WHAT THE EXERCISE ASKS:
Look through the entries below, please, and copy every line with the word "shows".

[Dataset entries]
——————————

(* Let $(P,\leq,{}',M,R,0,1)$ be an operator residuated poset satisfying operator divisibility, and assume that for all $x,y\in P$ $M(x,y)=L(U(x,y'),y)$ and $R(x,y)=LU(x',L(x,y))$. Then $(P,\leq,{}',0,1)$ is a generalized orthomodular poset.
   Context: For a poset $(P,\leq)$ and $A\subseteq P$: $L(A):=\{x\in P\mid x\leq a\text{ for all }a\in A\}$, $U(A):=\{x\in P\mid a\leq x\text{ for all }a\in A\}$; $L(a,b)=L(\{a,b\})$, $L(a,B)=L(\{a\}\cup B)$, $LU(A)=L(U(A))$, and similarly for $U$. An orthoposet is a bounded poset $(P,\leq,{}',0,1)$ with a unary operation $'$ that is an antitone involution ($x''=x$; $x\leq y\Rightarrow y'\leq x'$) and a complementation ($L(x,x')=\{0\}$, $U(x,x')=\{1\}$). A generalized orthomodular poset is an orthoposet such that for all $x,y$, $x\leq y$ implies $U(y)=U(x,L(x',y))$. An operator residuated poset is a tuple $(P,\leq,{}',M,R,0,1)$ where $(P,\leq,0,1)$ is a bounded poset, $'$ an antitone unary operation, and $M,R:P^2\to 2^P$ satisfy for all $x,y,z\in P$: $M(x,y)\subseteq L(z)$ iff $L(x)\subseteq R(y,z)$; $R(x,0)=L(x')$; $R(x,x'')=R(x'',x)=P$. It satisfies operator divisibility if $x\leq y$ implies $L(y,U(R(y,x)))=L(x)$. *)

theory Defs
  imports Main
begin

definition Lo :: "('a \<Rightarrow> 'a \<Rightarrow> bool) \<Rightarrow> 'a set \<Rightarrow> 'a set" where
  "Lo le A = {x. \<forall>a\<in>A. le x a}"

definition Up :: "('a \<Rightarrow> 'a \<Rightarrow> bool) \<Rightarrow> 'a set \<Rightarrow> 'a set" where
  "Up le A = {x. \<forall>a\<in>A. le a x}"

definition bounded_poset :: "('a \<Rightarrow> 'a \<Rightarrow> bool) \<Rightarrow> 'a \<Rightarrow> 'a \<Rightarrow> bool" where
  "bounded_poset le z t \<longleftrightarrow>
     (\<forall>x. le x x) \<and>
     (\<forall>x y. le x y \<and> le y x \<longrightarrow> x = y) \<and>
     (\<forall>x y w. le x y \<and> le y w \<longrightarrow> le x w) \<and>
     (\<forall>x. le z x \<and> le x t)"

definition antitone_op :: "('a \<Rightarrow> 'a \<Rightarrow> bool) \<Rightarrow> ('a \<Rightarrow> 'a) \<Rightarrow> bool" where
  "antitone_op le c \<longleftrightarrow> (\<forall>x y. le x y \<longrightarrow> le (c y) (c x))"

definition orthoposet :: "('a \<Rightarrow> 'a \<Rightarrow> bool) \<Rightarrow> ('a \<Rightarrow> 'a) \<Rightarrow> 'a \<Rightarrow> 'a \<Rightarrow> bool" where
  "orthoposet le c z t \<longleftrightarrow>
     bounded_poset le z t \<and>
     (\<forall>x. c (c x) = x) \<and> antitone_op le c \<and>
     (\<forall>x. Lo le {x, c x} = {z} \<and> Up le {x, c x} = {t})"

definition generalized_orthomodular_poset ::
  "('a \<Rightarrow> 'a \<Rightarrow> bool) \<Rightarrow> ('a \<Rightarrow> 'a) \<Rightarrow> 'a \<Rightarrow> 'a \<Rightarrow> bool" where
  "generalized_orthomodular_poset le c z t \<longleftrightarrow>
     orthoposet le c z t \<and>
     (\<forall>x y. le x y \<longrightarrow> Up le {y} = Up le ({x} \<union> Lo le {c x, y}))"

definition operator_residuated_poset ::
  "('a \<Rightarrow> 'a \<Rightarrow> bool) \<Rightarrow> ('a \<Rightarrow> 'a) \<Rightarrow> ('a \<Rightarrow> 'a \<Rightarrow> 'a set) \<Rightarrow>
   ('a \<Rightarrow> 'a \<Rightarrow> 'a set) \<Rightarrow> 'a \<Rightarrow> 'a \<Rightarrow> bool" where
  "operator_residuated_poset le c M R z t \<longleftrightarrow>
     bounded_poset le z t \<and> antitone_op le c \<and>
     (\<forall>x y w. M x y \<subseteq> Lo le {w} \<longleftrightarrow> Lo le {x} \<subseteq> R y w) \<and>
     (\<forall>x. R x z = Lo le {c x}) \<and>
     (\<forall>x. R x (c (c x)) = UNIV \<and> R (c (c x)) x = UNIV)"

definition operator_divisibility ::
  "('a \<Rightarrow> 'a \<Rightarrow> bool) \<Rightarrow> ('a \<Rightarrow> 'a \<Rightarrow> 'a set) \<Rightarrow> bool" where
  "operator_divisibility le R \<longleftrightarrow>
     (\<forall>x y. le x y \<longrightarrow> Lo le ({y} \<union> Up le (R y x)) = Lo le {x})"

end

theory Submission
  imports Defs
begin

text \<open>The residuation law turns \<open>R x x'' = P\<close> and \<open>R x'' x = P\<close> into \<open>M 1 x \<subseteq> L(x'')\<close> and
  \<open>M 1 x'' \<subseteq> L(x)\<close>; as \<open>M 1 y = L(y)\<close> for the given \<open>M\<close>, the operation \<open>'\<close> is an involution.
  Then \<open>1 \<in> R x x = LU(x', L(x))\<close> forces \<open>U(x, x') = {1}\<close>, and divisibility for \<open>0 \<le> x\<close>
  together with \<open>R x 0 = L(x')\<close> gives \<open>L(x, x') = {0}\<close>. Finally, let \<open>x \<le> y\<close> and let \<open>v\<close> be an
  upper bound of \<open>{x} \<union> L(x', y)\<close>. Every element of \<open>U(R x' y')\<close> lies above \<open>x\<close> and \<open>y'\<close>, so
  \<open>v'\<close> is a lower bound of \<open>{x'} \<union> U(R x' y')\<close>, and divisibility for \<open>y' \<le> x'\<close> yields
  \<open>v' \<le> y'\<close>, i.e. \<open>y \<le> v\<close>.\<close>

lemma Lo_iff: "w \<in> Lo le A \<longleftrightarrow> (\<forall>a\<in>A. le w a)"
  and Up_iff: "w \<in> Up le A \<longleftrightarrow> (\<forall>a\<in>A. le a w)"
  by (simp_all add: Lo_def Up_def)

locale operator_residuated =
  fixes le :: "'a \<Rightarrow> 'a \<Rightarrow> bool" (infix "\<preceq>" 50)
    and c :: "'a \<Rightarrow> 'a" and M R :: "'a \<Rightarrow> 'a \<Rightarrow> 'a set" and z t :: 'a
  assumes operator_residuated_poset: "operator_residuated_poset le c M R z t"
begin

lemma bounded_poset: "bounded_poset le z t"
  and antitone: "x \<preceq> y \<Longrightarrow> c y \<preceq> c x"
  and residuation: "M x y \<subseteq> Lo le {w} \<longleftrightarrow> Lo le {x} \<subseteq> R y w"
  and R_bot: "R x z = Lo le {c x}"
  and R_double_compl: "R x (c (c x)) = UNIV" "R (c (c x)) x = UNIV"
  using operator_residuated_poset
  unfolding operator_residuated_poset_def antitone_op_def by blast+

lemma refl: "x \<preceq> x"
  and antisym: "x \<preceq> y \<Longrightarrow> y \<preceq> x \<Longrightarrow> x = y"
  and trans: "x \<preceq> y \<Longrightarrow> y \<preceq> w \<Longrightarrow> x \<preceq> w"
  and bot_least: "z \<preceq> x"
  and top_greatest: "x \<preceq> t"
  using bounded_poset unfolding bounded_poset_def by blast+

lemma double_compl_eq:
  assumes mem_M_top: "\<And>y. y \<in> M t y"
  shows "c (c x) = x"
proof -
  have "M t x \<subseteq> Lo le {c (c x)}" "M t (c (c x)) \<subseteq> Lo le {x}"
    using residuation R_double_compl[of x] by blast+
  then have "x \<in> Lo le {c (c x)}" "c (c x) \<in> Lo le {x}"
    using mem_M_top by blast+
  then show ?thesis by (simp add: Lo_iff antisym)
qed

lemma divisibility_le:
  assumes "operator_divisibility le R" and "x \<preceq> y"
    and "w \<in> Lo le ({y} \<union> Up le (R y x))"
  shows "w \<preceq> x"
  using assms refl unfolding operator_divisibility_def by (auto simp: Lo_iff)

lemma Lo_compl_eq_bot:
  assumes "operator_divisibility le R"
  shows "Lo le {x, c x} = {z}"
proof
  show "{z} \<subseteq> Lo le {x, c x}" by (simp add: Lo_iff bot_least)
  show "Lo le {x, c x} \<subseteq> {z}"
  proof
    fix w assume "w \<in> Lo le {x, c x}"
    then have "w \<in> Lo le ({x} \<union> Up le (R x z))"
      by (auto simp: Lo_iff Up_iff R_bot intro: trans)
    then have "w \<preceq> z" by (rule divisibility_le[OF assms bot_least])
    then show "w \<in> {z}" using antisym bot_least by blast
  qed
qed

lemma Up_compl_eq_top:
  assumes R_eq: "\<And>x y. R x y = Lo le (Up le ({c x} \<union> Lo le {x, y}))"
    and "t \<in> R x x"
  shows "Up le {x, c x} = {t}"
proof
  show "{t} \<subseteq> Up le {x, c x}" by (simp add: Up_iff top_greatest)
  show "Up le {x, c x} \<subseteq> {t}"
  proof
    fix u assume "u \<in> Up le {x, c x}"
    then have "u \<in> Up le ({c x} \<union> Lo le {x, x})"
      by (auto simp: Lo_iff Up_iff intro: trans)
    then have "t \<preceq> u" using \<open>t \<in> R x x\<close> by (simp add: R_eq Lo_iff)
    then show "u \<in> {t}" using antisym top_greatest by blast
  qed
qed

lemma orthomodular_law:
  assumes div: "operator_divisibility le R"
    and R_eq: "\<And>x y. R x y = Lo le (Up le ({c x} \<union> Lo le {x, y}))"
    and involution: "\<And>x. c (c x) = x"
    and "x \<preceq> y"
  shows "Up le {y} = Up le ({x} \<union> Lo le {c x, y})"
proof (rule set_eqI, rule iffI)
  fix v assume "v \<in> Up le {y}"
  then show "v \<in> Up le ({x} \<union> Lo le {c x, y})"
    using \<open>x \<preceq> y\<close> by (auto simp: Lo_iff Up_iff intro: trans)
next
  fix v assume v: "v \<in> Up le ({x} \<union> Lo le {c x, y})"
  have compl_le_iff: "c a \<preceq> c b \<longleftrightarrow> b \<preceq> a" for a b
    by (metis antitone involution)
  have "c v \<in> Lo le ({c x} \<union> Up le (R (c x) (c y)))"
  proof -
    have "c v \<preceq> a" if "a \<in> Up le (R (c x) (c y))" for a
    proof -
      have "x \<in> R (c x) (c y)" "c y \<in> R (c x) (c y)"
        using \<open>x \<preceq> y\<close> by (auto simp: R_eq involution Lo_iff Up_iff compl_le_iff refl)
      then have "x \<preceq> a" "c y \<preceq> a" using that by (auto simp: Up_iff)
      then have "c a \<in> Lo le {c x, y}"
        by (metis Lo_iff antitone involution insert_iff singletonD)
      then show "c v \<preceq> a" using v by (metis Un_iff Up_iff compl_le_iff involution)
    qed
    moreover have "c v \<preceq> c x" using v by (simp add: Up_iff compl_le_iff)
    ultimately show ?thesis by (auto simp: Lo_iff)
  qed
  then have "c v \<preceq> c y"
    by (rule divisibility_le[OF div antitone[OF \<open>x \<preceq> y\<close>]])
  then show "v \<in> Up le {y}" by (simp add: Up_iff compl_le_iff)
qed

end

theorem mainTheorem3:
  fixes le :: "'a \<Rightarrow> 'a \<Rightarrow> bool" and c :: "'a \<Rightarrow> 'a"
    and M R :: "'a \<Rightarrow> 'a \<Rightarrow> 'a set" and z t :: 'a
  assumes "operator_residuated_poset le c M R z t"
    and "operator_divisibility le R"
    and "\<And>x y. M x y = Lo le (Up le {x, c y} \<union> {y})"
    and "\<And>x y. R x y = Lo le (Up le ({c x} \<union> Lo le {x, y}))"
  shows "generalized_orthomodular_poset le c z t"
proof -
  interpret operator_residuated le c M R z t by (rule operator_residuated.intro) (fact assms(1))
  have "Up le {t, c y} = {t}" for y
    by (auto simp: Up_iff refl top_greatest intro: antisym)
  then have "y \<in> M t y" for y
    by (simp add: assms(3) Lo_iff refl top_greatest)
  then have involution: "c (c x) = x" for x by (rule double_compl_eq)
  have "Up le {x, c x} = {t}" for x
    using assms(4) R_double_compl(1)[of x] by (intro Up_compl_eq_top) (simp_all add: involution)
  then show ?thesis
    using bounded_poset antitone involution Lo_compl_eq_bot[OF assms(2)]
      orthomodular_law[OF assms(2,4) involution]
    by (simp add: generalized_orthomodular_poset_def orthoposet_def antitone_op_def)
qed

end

——————————

TASK RESPONSE:
  shows "c (c x) = x"
  shows "w \<preceq> x"
  shows "Lo le {x, c x} = {z}"
  shows "Up le {x, c x} = {t}"
  shows "Up le {y} = Up le ({x} \<union> Lo le {c x, y})"
  shows "generalized_orthomodular_poset le c z t"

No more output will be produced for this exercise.